LISTED ENTRIES>
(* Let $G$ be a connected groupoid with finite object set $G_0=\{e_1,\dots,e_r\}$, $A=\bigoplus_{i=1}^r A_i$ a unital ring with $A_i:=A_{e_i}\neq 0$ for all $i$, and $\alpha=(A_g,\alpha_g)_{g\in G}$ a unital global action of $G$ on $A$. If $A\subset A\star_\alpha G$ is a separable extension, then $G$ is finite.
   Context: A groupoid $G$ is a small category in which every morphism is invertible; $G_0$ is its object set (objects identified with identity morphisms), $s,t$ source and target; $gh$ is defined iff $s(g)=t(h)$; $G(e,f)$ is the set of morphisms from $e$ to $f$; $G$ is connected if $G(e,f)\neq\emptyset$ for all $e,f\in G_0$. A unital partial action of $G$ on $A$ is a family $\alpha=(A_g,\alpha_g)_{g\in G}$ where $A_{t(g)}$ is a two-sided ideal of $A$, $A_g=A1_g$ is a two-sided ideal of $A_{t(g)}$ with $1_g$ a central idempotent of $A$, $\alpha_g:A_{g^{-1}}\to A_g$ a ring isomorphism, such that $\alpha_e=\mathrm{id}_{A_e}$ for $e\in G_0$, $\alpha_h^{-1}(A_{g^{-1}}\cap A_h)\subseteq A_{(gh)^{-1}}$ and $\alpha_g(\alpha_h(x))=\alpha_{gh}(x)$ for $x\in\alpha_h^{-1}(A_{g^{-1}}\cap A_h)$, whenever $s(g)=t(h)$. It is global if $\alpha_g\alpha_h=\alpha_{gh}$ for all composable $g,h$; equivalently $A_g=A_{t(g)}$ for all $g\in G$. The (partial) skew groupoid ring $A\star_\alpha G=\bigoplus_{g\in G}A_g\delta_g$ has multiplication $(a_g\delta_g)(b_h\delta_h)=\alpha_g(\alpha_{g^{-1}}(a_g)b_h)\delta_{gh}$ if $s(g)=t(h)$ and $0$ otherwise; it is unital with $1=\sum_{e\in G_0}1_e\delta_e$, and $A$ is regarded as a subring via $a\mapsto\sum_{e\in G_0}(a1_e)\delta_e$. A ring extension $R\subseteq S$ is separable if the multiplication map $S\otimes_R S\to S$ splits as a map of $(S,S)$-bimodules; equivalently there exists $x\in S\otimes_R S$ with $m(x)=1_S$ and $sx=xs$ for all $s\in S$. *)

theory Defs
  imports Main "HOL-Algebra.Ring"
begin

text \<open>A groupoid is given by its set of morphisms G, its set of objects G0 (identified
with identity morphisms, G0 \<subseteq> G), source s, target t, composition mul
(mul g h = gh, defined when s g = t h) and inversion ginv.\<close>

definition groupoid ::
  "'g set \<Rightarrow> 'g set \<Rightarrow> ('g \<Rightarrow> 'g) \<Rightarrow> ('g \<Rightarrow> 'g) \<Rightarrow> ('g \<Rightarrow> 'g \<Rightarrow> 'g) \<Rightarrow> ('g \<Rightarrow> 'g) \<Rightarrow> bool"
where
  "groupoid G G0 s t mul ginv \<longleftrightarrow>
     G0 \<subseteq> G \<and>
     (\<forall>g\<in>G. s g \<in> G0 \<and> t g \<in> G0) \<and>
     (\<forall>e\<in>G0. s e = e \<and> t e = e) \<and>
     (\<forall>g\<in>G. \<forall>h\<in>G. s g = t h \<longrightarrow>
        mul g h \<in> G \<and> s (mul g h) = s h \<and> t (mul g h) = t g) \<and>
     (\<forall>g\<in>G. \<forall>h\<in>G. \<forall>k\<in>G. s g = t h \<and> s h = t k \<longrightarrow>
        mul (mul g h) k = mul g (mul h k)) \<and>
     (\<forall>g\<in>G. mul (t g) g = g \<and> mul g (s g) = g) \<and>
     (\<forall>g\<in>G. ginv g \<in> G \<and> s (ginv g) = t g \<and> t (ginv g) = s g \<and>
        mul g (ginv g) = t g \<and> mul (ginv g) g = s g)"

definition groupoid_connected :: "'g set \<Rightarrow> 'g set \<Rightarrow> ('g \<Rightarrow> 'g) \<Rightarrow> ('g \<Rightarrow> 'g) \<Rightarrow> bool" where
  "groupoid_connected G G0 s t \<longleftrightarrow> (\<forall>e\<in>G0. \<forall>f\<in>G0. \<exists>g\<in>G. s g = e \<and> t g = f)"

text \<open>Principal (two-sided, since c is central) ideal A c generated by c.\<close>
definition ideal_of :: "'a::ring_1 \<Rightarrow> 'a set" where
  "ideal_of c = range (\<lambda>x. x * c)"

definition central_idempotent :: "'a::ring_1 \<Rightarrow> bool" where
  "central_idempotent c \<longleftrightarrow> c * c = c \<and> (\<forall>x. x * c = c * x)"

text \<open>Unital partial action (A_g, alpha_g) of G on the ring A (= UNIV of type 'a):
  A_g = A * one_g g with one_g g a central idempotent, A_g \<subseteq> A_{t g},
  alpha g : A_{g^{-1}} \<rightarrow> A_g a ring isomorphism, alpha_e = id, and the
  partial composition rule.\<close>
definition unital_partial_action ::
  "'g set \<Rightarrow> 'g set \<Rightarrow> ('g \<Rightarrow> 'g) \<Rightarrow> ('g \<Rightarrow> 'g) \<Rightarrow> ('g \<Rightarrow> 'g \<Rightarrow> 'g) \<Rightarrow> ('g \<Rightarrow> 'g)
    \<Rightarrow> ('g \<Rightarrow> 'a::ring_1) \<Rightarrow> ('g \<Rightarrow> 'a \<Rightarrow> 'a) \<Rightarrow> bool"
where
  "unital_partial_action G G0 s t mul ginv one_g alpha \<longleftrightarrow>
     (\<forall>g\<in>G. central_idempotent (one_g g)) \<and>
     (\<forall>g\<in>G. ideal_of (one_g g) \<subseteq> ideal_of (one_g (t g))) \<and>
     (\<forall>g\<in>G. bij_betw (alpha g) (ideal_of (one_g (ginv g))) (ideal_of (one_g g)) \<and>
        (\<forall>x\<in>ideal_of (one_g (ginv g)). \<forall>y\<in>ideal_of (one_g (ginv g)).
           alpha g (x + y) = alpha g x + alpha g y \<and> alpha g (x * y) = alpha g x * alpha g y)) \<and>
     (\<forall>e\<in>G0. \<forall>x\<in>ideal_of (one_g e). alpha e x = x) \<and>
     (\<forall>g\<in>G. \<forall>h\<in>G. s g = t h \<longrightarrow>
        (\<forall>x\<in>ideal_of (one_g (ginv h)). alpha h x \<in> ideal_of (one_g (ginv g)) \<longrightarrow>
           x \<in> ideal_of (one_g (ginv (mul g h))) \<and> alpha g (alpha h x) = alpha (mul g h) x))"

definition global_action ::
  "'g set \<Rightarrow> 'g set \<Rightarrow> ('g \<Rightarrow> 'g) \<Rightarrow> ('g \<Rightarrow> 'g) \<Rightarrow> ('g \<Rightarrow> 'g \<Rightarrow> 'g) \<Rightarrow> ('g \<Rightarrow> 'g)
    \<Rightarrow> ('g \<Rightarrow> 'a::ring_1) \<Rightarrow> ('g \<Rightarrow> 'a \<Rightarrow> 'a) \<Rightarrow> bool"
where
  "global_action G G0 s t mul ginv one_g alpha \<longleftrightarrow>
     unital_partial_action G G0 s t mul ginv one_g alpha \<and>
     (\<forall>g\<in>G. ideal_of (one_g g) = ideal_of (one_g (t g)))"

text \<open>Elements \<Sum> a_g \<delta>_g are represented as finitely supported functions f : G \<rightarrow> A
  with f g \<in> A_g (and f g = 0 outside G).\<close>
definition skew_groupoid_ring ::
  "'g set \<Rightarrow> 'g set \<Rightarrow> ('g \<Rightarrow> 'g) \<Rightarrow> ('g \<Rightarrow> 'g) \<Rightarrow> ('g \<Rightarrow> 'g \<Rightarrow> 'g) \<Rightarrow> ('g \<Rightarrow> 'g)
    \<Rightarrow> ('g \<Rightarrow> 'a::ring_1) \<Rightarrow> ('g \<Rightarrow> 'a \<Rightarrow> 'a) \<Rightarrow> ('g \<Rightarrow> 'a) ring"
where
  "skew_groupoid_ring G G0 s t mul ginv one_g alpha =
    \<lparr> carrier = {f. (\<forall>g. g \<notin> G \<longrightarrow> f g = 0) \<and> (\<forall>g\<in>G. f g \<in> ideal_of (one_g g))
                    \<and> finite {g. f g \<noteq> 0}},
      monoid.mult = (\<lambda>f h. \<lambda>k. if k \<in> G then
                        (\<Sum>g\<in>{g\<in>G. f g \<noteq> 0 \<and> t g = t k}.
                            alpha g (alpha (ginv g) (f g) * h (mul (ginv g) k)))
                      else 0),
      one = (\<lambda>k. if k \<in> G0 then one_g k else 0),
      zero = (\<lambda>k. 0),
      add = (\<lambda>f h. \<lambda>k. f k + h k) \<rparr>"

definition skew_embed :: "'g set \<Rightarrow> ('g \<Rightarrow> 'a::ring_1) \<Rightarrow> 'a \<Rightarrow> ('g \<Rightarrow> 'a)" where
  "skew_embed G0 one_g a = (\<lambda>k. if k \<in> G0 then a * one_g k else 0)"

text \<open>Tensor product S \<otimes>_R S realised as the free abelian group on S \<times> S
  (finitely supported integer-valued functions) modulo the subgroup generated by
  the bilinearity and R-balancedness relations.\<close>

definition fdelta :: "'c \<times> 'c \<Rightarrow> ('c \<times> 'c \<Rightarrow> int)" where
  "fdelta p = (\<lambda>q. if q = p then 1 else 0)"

PROBLEM DETAILS>
Taking the entries above, restate exactly those lines that fall between the line with "set \<Rightarrow> ('g \<Rightarrow> 'a::ring_1)" and the line with "text \<open>Tensor product", keeping both of those lines too.

EXERCISE SOLUTION>
definition skew_embed :: "'g set \<Rightarrow> ('g \<Rightarrow> 'a::ring_1) \<Rightarrow> 'a \<Rightarrow> ('g \<Rightarrow> 'a)" where
  "skew_embed G0 one_g a = (\<lambda>k. if k \<in> G0 then a * one_g k else 0)"

text \<open>Tensor product S \<otimes>_R S realised as the free abelian group on S \<times> S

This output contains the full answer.